Requirement | From the entries below, return only the lines starting at the one that contains "set (map word" and ending at the one that contains "([s1], Cubic, [s2']), ([], Quadratic", exactly as they stand.

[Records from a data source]
(* Let $0\le a\le b\le n$ be integers with $a+b\le n$, and let $\varepsilon(a,b)$ be defined by $\mathbb E_{\mu_{ab}}[X]=\frac{a+b}{2}+\varepsilon(a,b)$, where $X$ has law $\mu_{ab}$. Then $\varepsilon(a,b)\ge0$. Moreover, $\varepsilon(a,b)\le\varepsilon(c,d)$ for any pair of integers $c,d$ with $c\le\min\{a,d\}\le\max\{a,d\}\le b$.
   Context: Fix $\beta>0$ and integer $n\ge1$. For integers $0\le a\le b\le n$, $\mu_{ab}$ is the probability distribution on $\{0,1,\dots,n\}$ given by $\mu_{ab}(j)=e^{-\beta(b-a)-2\beta(a-j)}/Z$ for $0\le j<a$, $\mu_{ab}(j)=e^{-\beta(b-a)}/Z$ for $a\le j\le b$, and $\mu_{ab}(j)=e^{-\beta(b-a)-2\beta(j-b)}/Z$ for $b<j\le n$, with $Z$ a normalizing constant. (This is the conditional law of the height at a site of the SOS model given that its two neighbouring heights have minimum $a$ and maximum $b$; i.e., the law of the new height after a column update.) For $c\le d$, $\varepsilon(c,d)$ is defined in the same way, $\varepsilon(c,d)=\mathbb E_{\mu_{cd}}[X]-\frac{c+d}2$. *)

theory Defs
  imports Complex_Main
begin

definition sos_weight :: "real \<Rightarrow> int \<Rightarrow> int \<Rightarrow> int \<Rightarrow> real" where
  "sos_weight \<beta> a b j =
     (if j < a then exp (- \<beta> * of_int (b - a) - 2 * \<beta> * of_int (a - j))
      else if j \<le> b then exp (- \<beta> * of_int (b - a))
      else exp (- \<beta> * of_int (b - a) - 2 * \<beta> * of_int (j - b)))"

definition sos_Z :: "real \<Rightarrow> nat \<Rightarrow> int \<Rightarrow> int \<Rightarrow> real" where
  "sos_Z \<beta> n a b = (\<Sum>j\<in>{0..int n}. sos_weight \<beta> a b j)"

definition sos_mu :: "real \<Rightarrow> nat \<Rightarrow> int \<Rightarrow> int \<Rightarrow> int \<Rightarrow> real" where
  "sos_mu \<beta> n a b j = sos_weight \<beta> a b j / sos_Z \<beta> n a b"
definition table_sound :: "alg3 list \<Rightarrow> table \<Rightarrow> bool" where
  "table_sound B T \<longleftrightarrow> (\<forall>(w, v) \<in> set T. word w - lincomb B (vec_val v) \<in> C3_ideal)"

fun neg_inverse :: "lpoly \<Rightarrow> lpoly option" where
  "neg_inverse [((i, j), c)] = (if c = 1 \<or> c = -1 then Some [((- i, - j), - c)] else None)"
| "neg_inverse _ = None"

lemma neg_inverse_val: "neg_inverse p = Some q \<Longrightarrow> lpoly_val q * lpoly_val p = - 1"
  using t0_nonzero t1_nonzero
  by (induction p rule: neg_inverse.induct)
    (auto simp: lpoly_val_def power_int_minus field_simps split: if_splits)

definition solve_for_unknown :: "table \<Rightarrow> wcomb \<Rightarrow> (bword \<times> lvec) option" where
  "solve_for_unknown T ws =
    (case filter (\<lambda>(c, w). map_of T w = None) ws of
       [(c, w)] \<Rightarrow>
         map_option (\<lambda>c'. (w, vec_scale c'
           (vec_sum (map (\<lambda>(c, w). case map_of T w of None \<Rightarrow> [] | Some v \<Rightarrow> vec_scale c v) ws))))
         (neg_inverse c)
     | _ \<Rightarrow> None)"

lemma comb_val_known_part:
  assumes "table_sound B T"
  shows "comb_val ws - comb_val (filter (\<lambda>(c, w). map_of T w = None) ws)
    - lincomb B (vec_val (vec_sum (map (\<lambda>(c, w). case map_of T w of None \<Rightarrow> [] | Some v \<Rightarrow> vec_scale c v) ws)))
    \<in> C3_ideal"
proof (induction ws)
  case Nil
  show ?case
    by (simp add: vec_sum_def lincomb_def scal_zero C3_ideal_def two_sided_ideal.zero)
next
  case (Cons cw ws)
  obtain c w where cw: "cw = (c, w)"
    by fastforce
  show ?case
  proof (cases "map_of T w")
    case None
    then show ?thesis
      using Cons.IH by (simp add: cw comb_val_Cons vec_sum_def vec_val_add)
  next
    case (Some v)
    then have "word w - lincomb B (vec_val v) \<in> C3_ideal"
      using assms by (auto simp: table_sound_def dest: map_of_SomeD)
    then have "scal (lpoly_val c) * (word w - lincomb B (vec_val v)) \<in> C3_ideal"
      by (simp add: C3_ideal_def two_sided_ideal_mult_left)
    then have "scal (lpoly_val c) * word w - lincomb B (\<lambda>k. lpoly_val c * vec_val v k) \<in> C3_ideal"
      by (simp add: lincomb_scal right_diff_distrib)
    from two_sided_ideal_add_diff[OF this[unfolded C3_ideal_def] Cons.IH[unfolded C3_ideal_def]]
    show ?thesis
      by (simp add: cw Some comb_val_Cons vec_sum_def vec_val_add vec_val_scale lincomb_add
          C3_ideal_def algebra_simps)
  qed
qed

lemma solve_for_unknown_sound:
  assumes sound: "table_sound B T" and ideal: "comb_val ws \<in> C3_ideal"
    and solve: "solve_for_unknown T ws = Some (w, v)"
  shows "word w - lincomb B (vec_val v) \<in> C3_ideal"
proof -
  define S where "S = vec_sum (map (\<lambda>(c, w). case map_of T w of None \<Rightarrow> [] | Some v \<Rightarrow> vec_scale c v) ws)"
  obtain c c' where U: "filter (\<lambda>(c, w). map_of T w = None) ws = [(c, w)]"
    and c': "neg_inverse c = Some c'" and v: "v = vec_scale c' S"
    using solve unfolding solve_for_unknown_def S_def[symmetric]
    by (auto split: list.splits option.splits)
  have "comb_val ws - scal (lpoly_val c) * word w - lincomb B (vec_val S) \<in> C3_ideal"
    using comb_val_known_part[OF sound, of ws] by (simp add: U S_def comb_val_Cons)
  from C3_ideal_diff[OF ideal this]
  have "scal (lpoly_val c) * word w + lincomb B (vec_val S) \<in> C3_ideal"
    by (simp add: algebra_simps)
  then have "scal (lpoly_val c') * (scal (lpoly_val c) * word w + lincomb B (vec_val S)) \<in> C3_ideal"
    by (simp add: C3_ideal_def two_sided_ideal_mult_left)
  moreover have "scal (lpoly_val c') * (scal (lpoly_val c) * word w + lincomb B (vec_val S))
      = - (word w - lincomb B (vec_val v))"
    using neg_inverse_val[OF c']
    by (simp add: v vec_val_scale[abs_def] lincomb_scal distrib_left mult.assoc[symmetric]
        scal_mult[symmetric] scal_minus scal_one)
  ultimately show ?thesis
    using two_sided_ideal_minus[of "- (word w - lincomb B (vec_val v))"] by (simp add: C3_ideal_def)
qed

(* Words are freely reduced, so that lookups identify words that are equal in the free group. *)
definition relator_instance :: "bword \<Rightarrow> relator \<Rightarrow> bword \<Rightarrow> wcomb" where
  "relator_instance u r v = map (\<lambda>(c, w). (c, free_reduce (u @ w @ v))) (relator_comb r)"

lemma comb_val_free_reduce:
  "comb_val (map (\<lambda>(c, w). (c, free_reduce (f w))) ws) = comb_val (map (\<lambda>(c, w). (c, f w)) ws)"
  by (induction ws) (auto simp: comb_val_Cons word_free_reduce)

lemma comb_val_relator_instance_reduced: "comb_val (relator_instance u r v) \<in> C3_ideal"
  unfolding relator_instance_def comb_val_free_reduce[where f = "\<lambda>w. u @ w @ v"]
  by (rule comb_val_relator_instance)

type_synonym cert_step = "bword \<times> relator \<times> bword"

fun run_certificate :: "table \<Rightarrow> cert_step list \<Rightarrow> table option" where
  "run_certificate T [] = Some T"
| "run_certificate T ((u, r, v) # steps) =
     (case solve_for_unknown T (relator_instance u r v) of
        None \<Rightarrow> None
      | Some e \<Rightarrow> run_certificate (e # T) steps)"

lemma run_certificate_sound:
  "table_sound B T \<Longrightarrow> run_certificate T steps = Some T' \<Longrightarrow> table_sound B T'"
proof (induction T steps rule: run_certificate.induct)
  case (2 T u r v steps)
  then obtain w x where solve: "solve_for_unknown T (relator_instance u r v) = Some (w, x)"
    and run: "run_certificate ((w, x) # T) steps = Some T'"
    by (auto split: option.splits)
  have "table_sound B ((w, x) # T)"
    using solve_for_unknown_sound[OF "2.prems"(1) comb_val_relator_instance_reduced solve] "2.prems"(1)
    by (simp add: table_sound_def)
  then show ?case
    using "2.IH"[OF solve] run by simp
qed simp

definition basis_table :: "bword list \<Rightarrow> table" where
  "basis_table ws = map (\<lambda>i. (free_reduce (ws ! i), unit_vec (length ws) i)) [0..<length ws]"

lemma basis_table_sound: "table_sound (map word ws) (basis_table ws)"
  unfolding table_sound_def basis_table_def
proof clarsimp
  fix i
  assume i: "i < length ws"
  have "vec_val (unit_vec (length ws) i) = (\<lambda>k. if k = i then 1 else 0)"
    using i by (simp add: fun_eq_iff vec_val_unit)
  then show "word (free_reduce (ws ! i)) - lincomb (map word ws) (vec_val (unit_vec (length ws) i)) \<in> C3_ideal"
    using i lincomb_unit[of i "map word ws"]
    by (simp add: word_free_reduce C3_ideal_def two_sided_ideal.zero)
qed

definition table_closed :: "table \<Rightarrow> bword list \<Rightarrow> bool" where
  "table_closed T ws \<longleftrightarrow>
     list_all (\<lambda>g. list_all (\<lambda>w. map_of T (free_reduce ((g, True) # w)) \<noteq> None) ws) [G1, G2]"

theorem C3_span_by_table:
  assumes sound: "table_sound (map word ws) T" and closed: "table_closed T ws" and one: "[] \<in> set ws"
  shows "C3_span (map word ws) = UNIV"
proof (rule C3_span_UNIV)
  show "1 \<in> set (map word ws)"
    using one by (force simp: word_Nil)
  fix g i
  assume i: "i < length (map word ws)"
  then have "map_of T (free_reduce ((g, True) # ws ! i)) \<noteq> None"
    using closed nth_mem[of i ws] by (cases g) (auto simp: table_closed_def list_all_iff)
  then obtain v where v: "map_of T (free_reduce ((g, True) # ws ! i)) = Some v"
    by blast
  then have "word ((g, True) # ws ! i) - lincomb (map word ws) (vec_val v) \<in> C3_ideal"
    using sound by (auto simp: table_sound_def word_free_reduce dest!: map_of_SomeD)
  then show "word [(g, True)] * map word ws ! i \<in> C3_span (map word ws)"
    using i word_Cons[of "(g, True)" "ws ! i"] by (auto intro: C3_span_congruent lincomb_in_C3_span)
qed

section \<open>The certificate\<close>

definition C3_words :: "bword list" where
  "C3_words =
    [[], [s1], [s1'], [s2], [s2'], [s2, s1], [s2, s1'], [s2', s1], [s2', s1'],
     [s1, s2], [s1', s2], [s1, s2'], [s1', s2'], [s1, s2, s1], [s1, s2, s1'], [s1, s2', s1'],
     [s1', s2', s1], [s1', s2', s1'], [s1', s2, s1'], [s2', s1, s2']]"

definition C3_certificate :: "cert_step list" where
  "C3_certificate =
    [([], Quadratic G1, []), ([], Quadratic G1, [s2, s1']), ([], Quadratic G1, [s2', s1']),
     ([], Quadratic G1, [s2]), ([], Quadratic G1, [s2']), ([s1], Cubic, []),
     ([], Cubic, []), ([], Quadratic G1, [s2, s1]), ([s1], Quadratic G2, [s2']),
     ([], Quadratic G2, [s2']), ([s1'], Quadratic G2, [s2']), ([], Quadratic G1, [s2', s2']),
     ([s1'], Braid, [s2']), ([s1, s2'], Braid, [s1', s2']), ([s1, s2', s1'], Braid, [s2', s1', s2']),
     ([], Braid, [s2']), ([s2'], Braid, [s1', s2']), ([s2', s1'], Braid, [s2', s1', s2']),
     ([s1], Cubic, [s2']), ([], Quadratic G2, []), ([], Quadratic G2, [s1]),
     ([], Quadratic G2, [s1']), ([], Quadratic G2, [s1, s2']), ([s1', s2'], Braid, [s1', s2']),
     ([s1', s2', s1'], Braid, [s2', s1', s2']), ([], Quadratic G2, [s1', s2']), ([s2, s1'], Braid, [s2']),
     ([], Braid, [s1']), ([s2, s1', s2'], Braid, [s1', s2']), ([s1'], Braid, [s2', s1']),
     ([], Braid, []), ([s2], Cubic, []), ([s2'], Braid, [s1']),
     ([], Quadratic G2, [s1, s2]), ([s2], Quadratic G1, [s1']), ([], Quadratic G1, [s1']),
     ([s2'], Quadratic G1, [s1']), ([], Quadratic G2, [s1', s1']), ([], Braid, [s1', s1']),
     ([s1'], Braid, [s2', s1', s1']), ([s1', s2'], Braid, [s1', s2', s1']), ([s2], Cubic, [s1']),
     ([s2], Braid, [])]"

(* s^-1 = - (t0 t1)^-1 (s^2 + (1 - t0 - t1) s + (t0 t1 - t0 - t1)) by the quadratic relation. *)
definition quadratic_inverse_cols :: "lvec list \<Rightarrow> lvec list" where
  "quadratic_inverse_cols P =
    map (\<lambda>i. vec_scale [((-1, -1), -1)]
        (vec_add (lvec_act P (P ! i))
          (vec_add (vec_scale [((0, 0), 1), ((0, 1), -1), ((1, 0), -1)] (P ! i))
            (vec_scale [((0, 1), -1), ((1, 0), -1), ((1, 1), 1)] (unit_vec (length P) i)))))
      [0..<length P]"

Worked solution |
  show "1 \<in> set (map word ws)"
    using one by (force simp: word_Nil)
  fix g i
  assume i: "i < length (map word ws)"
  then have "map_of T (free_reduce ((g, True) # ws ! i)) \<noteq> None"
    using closed nth_mem[of i ws] by (cases g) (auto simp: table_closed_def list_all_iff)
  then obtain v where v: "map_of T (free_reduce ((g, True) # ws ! i)) = Some v"
    by blast
  then have "word ((g, True) # ws ! i) - lincomb (map word ws) (vec_val v) \<in> C3_ideal"
    using sound by (auto simp: table_sound_def word_free_reduce dest!: map_of_SomeD)
  then show "word [(g, True)] * map word ws ! i \<in> C3_span (map word ws)"
    using i word_Cons[of "(g, True)" "ws ! i"] by (auto intro: C3_span_congruent lincomb_in_C3_span)
qed

section \<open>The certificate\<close>

definition C3_words :: "bword list" where
  "C3_words =
    [[], [s1], [s1'], [s2], [s2'], [s2, s1], [s2, s1'], [s2', s1], [s2', s1'],
     [s1, s2], [s1', s2], [s1, s2'], [s1', s2'], [s1, s2, s1], [s1, s2, s1'], [s1, s2', s1'],
     [s1', s2', s1], [s1', s2', s1'], [s1', s2, s1'], [s2', s1, s2']]"

definition C3_certificate :: "cert_step list" where
  "C3_certificate =
    [([], Quadratic G1, []), ([], Quadratic G1, [s2, s1']), ([], Quadratic G1, [s2', s1']),
     ([], Quadratic G1, [s2]), ([], Quadratic G1, [s2']), ([s1], Cubic, []),
     ([], Cubic, []), ([], Quadratic G1, [s2, s1]), ([s1], Quadratic G2, [s2']),
     ([], Quadratic G2, [s2']), ([s1'], Quadratic G2, [s2']), ([], Quadratic G1, [s2', s2']),
     ([s1'], Braid, [s2']), ([s1, s2'], Braid, [s1', s2']), ([s1, s2', s1'], Braid, [s2', s1', s2']),
     ([], Braid, [s2']), ([s2'], Braid, [s1', s2']), ([s2', s1'], Braid, [s2', s1', s2']),
     ([s1], Cubic, [s2']), ([], Quadratic G2, []), ([], Quadratic G2, [s1]),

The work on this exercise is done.